RQ: What is the best way to evaluate topic modelling and keyword extraction algorithms in terms of quality?
When you extract a set of keywords from documents, how do you evaluate the quality of the algorithm?
What methods exist currently, which ones are applicable and useful for achieving higher quality, which are comprehensible to humans?
Students are also encouraged to propose new methods on top of what they find in their study.
The work requires a literature review on what metrics exists and then analysis on the Iris AI keyword extraction algorithm and topic modelling implemented in Python together with the currently used dataset. Expected output is assessment of the metrics, summarization of the results and proposition either an existing metric, a new metric, or a combination with adjustment, to be used for assessing quality of current and future algorithms.
Coding experience: Ideally Python, but C or Java experience could be accepted too.
Experience in Machine Learning: Preferably taken courses in Machine Learning and Big Data( or Data Science).
We are a startup company, and we’d love to engage with students who are at least intrigued by the idea of working with a small, fast-moving team with big ambitions.
Solid english skills is expected. Where you want to write your thesis from is irrelevant as we’re already a distributed team and work mainly on Hangout and Slack.
If we like each other and Iris AI progresses well there will be opportunities after completion of your master thesis.
About Iris AI
Iris AI is an Artificial Intelligence that will read all of the world's research and help us connect the dots.

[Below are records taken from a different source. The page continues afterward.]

definition Tset :: "nat \<Rightarrow> nat \<Rightarrow> tensor set" where
  "Tset d k = {x. \<forall>w. x w \<noteq> 0 \<longrightarrow> length w \<le> k \<and> set w \<subseteq> {..<d}}"

definition tone :: tensor where
  "tone = (\<lambda>w. if w = [] then 1 else 0)"

definition tsmul :: "real \<Rightarrow> tensor \<Rightarrow> tensor" where
  "tsmul c x = (\<lambda>w. c * x w)"

definition tmul :: "nat \<Rightarrow> tensor \<Rightarrow> tensor \<Rightarrow> tensor" where
  "tmul k a b = (\<lambda>w. if length w \<le> k
      then (\<Sum>i\<le>length w. a (take i w) * b (drop i w)) else 0)"

primrec tpow :: "nat \<Rightarrow> tensor \<Rightarrow> nat \<Rightarrow> tensor" where
  "tpow k x 0 = tone"
| "tpow k x (Suc n) = tmul k (tpow k x n) x"

definition texp :: "nat \<Rightarrow> tensor \<Rightarrow> tensor" where
  "texp k z = (\<Sum>l\<le>k. tsmul (1 / fact l) (tpow k z l))"

text \<open>log of an element with level-0 part 1: the series terminates after level k,
since (s - 1) has no level-0 component and powers beyond k vanish.\<close>
definition tlog :: "nat \<Rightarrow> tensor \<Rightarrow> tensor" where
  "tlog k s = (\<Sum>l\<in>{1..k}. tsmul ((-1) ^ (l + 1) / real l) (tpow k (s - tone) l))"

definition tbracket :: "nat \<Rightarrow> tensor \<Rightarrow> tensor \<Rightarrow> tensor" where
  "tbracket k a b = tmul k a b - tmul k b a"

text \<open>Basis vector e_i of level 1 (index i < d); it lives in T_{d,k} only when k \<ge> 1,
so it is truncated to 0 when k = 0.\<close>
definition tgen :: "nat \<Rightarrow> nat \<Rightarrow> tensor" where
  "tgen k i = (\<lambda>w. if w = [i] \<and> 1 \<le> k then 1 else 0)"

inductive_set liealg :: "nat \<Rightarrow> nat \<Rightarrow> tensor set" for d k where
  gen: "i < d \<Longrightarrow> tgen k i \<in> liealg d k"
| zero: "0 \<in> liealg d k"
| add: "a \<in> liealg d k \<Longrightarrow> b \<in> liealg d k \<Longrightarrow> a + b \<in> liealg d k"
| smul: "a \<in> liealg d k \<Longrightarrow> tsmul c a \<in> liealg d k"
| bracket: "a \<in> liealg d k \<Longrightarrow> b \<in> liealg d k \<Longrightarrow> tbracket k a b \<in> liealg d k"

definition Gset :: "nat \<Rightarrow> nat \<Rightarrow> tensor set" where
  "Gset d k = texp k ` liealg d k"

definition tinv :: "nat \<Rightarrow> nat \<Rightarrow> tensor \<Rightarrow> tensor" where
  "tinv d k x = (THE y. y \<in> Tset d k \<and> tmul k x y = tone \<and> tmul k y x = tone)"

definition bary :: "nat \<Rightarrow> nat \<Rightarrow> tensor list \<Rightarrow> tensor" where
  "bary d k xs = (THE m. m \<in> Gset d k \<and>
      sum_list (map (\<lambda>x. tlog k (tmul k (tinv d k m) x)) xs) = 0)"

end

theory Submission
  imports Defs "HOL-Computational_Algebra.Formal_Power_Series" "HOL-Library.Multiset"
begin

text \<open>Embed the truncated tensor algebra into the algebra of formal tensor series: the
  truncated operations become exact ones read modulo words longer than \<open>k\<close>, and \<open>exp\<close> and
  \<open>log\<close> are mutually inverse power-series substitutions. Exponentials of primitive series
  (\<open>\<Delta>x = x \<otimes> 1 + 1 \<otimes> x\<close>) are exactly the group-like series (\<open>\<Delta>x = x \<otimes> x\<close>), which are
  closed under products, and by the Dynkin--Specht--Wever lemma the truncated primitive series
  are the Lie elements. Hence the group consists of the truncated group-like series, and
  \<open>m = x1 exp(log(x1\<inverse> x2) / 2)\<close> belongs to it.

  Conversely, write a candidate as \<open>x1 y\<close>. The barycentre equation
  \<open>log(y\<inverse>) + log(y\<inverse> x1\<inverse> x2) = 0\<close> says \<open>y\<inverse> x1\<inverse> x2 = y\<close>, i.e. \<open>y\<^sup>2 = x1\<inverse> x2\<close>; since
  \<open>log(y\<^sup>2) = 2 log y\<close>, the only unipotent square root is \<open>exp(log(x1\<inverse> x2) / 2)\<close>, so the
  barycentre is \<open>m\<close>.\<close>

unbundle fps_syntax

section \<open>Formal tensor series\<close>

text \<open>A copy of \<open>tensor\<close> whose product is untruncated concatenation rather than the pointwise
  product of \<open>Function_Algebras\<close>.\<close>

datatype tseries = TS (coef: "nat list \<Rightarrow> real")

lemma tseries_eqI: "(\<And>w. coef x w = coef y w) \<Longrightarrow> x = y"
  by (cases x; cases y) auto

instantiation tseries :: real_algebra_1
begin

definition "0 = TS (\<lambda>w. 0)"
definition "1 = TS (\<lambda>w. if w = [] then 1 else 0)"
definition "x + y = TS (\<lambda>w. coef x w + coef y w)"
definition "x - y = TS (\<lambda>w. coef x w - coef y w)"
definition "- x = TS (\<lambda>w. - coef x w)"
definition "scaleR c x = TS (\<lambda>w. c * coef x w)"
definition "x * y = TS (\<lambda>w. \<Sum>i\<le>length w. coef x (take i w) * coef y (drop i w))"

lemma coef_simps [simp]:
  "coef 0 w = 0" "coef 1 w = (if w = [] then 1 else 0)"
  "coef (x + y) w = coef x w + coef y w" "coef (x - y) w = coef x w - coef y w"
  "coef (- x) w = - coef x w" "coef (scaleR c x) w = c * coef x w"
  by (simp_all add: zero_tseries_def one_tseries_def plus_tseries_def minus_tseries_def
      uminus_tseries_def scaleR_tseries_def)

lemma coef_mult: "coef (x * y) w = (\<Sum>i\<le>length w. coef x (take i w) * coef y (drop i w))"
  by (simp add: times_tseries_def)

lemma coef_mult_assoc: "coef (a * b * c) w = coef (a * (b * c)) w"
proof -
  let ?n = "length w"
  define g where
    "g j l = coef a (take j w) * coef b (take l (drop j w)) * coef c (drop l (drop j w))" for j l
  have "coef (a * b * c) w = (\<Sum>i\<le>?n. \<Sum>j\<le>i. g j (i - j))"
    unfolding coef_mult g_def
    by (auto simp: sum_distrib_right min_def drop_take intro!: sum.cong)
  also have "\<dots> = (\<Sum>(j,l)\<in>{(j,l). j + l \<le> ?n}. g j l)"
    by (rule sum.triangle_reindex_eq[symmetric])
  also have "{(j,l). j + l \<le> ?n} = Sigma {..?n} (\<lambda>j. {..?n - j})" by auto
  also have "(\<Sum>(j,l)\<in>Sigma {..?n} (\<lambda>j. {..?n - j}). g j l) = (\<Sum>j\<le>?n. \<Sum>l\<le>?n - j. g j l)"
    by (rule sum.Sigma[symmetric]) auto
  also have "\<dots> = coef (a * (b * c)) w"
    unfolding coef_mult g_def by (auto simp: sum_distrib_left mult.assoc intro!: sum.cong)
  finally show ?thesis .
qed

lemma coef_one_mult: "coef (1 * a) w = coef a w"
proof -
  have "coef (1 * a) w = (\<Sum>i\<in>{0}. coef 1 (take i w) * coef a (drop i w))"
    unfolding coef_mult by (rule sum.mono_neutral_right) (auto simp: one_tseries_def)
  then show ?thesis by (simp add: one_tseries_def)
qed

lemma coef_mult_one: "coef (a * 1) w = coef a w"
proof -
  have "coef (a * 1) w = (\<Sum>i\<in>{length w}. coef a (take i w) * coef 1 (drop i w))"
    unfolding coef_mult by (rule sum.mono_neutral_right) (auto simp: one_tseries_def)
  then show ?thesis by (simp add: one_tseries_def)
qed

instance
proof
  fix a b c :: tseries and r s :: real
  show "a * b * c = a * (b * c)" by (rule tseries_eqI, rule coef_mult_assoc)
  show "(a + b) * c = a * c + b * c"
    by (rule tseries_eqI) (simp add: coef_mult distrib_right sum.distrib)
  show "a * (b + c) = a * b + a * c"
    by (rule tseries_eqI) (simp add: coef_mult distrib_left sum.distrib)
  show "1 * a = a" by (rule tseries_eqI, rule coef_one_mult)
  show "a * 1 = a" by (rule tseries_eqI, rule coef_mult_one)
  show "a + b + c = a + (b + c)" by (rule tseries_eqI) simp
  show "a + b = b + a" by (rule tseries_eqI) simp
  show "0 + a = a" by (rule tseries_eqI) simp
  show "- a + a = 0" by (rule tseries_eqI) simp
  show "a - b = a + - b" by (rule tseries_eqI) simp
  show "(0::tseries) \<noteq> 1" by (metis coef_simps(1,2) zero_neq_one)
  show "r *\<^sub>R (a + b) = r *\<^sub>R a + r *\<^sub>R b" by (rule tseries_eqI) (simp add: algebra_simps)
  show "(r + s) *\<^sub>R a = r *\<^sub>R a + s *\<^sub>R a" by (rule tseries_eqI) (simp add: algebra_simps)
  show "r *\<^sub>R s *\<^sub>R a = (r * s) *\<^sub>R a" by (rule tseries_eqI) simp
  show "1 *\<^sub>R a = a" by (rule tseries_eqI) simp
  show "r *\<^sub>R a * b = r *\<^sub>R (a * b)"
    by (rule tseries_eqI) (simp add: coef_mult sum_distrib_left algebra_simps)
  show "a * r *\<^sub>R b = r *\<^sub>R (a * b)"
    by (rule tseries_eqI) (simp add: coef_mult sum_distrib_left algebra_simps)
qed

Our first goal is an AI-assistant to help tech entrepreneurs and innovators navigate the world of science. It is solving the problem of the massive amount of knowledge we have, which is impossible to navigate for someone who is not a deep know the terminology of the fields and doesn't quite know what they're looking for yet as they're exploring opportunities. You should be able to input any scientific text over 500 words and immediately find all relevant research, across disciplines.
The first baby step product is live on our site ted.iris.ai, where you can explore the science around a TED talk. The next version of our tool is scheduled for launch in early September. The basic version will always be available for free for individual users, and we are targeting corporations as clients.
We are a fairly young startup, the team was formed August 2015 at Singularity University at NASA Ames Research Park in Silicon Valley. We are a Norwegian-registered company however our team is entirely distributed across Norway, Sweden, Finland, Spain and Ukraine. These first 9 months we have built our first tool, sold it to our first customer, been part of 500 Startups’ Nordic accelerator program, secured a seed investment of €300.000, launched an AI Training program with more than 300 trainers and initiated pilot partnerships with several multinational corporations.
We’re moving very fast, we’re sincerely ambitious and we believe we can have a positive impact on the world. And we’d like you to be part of this adventure.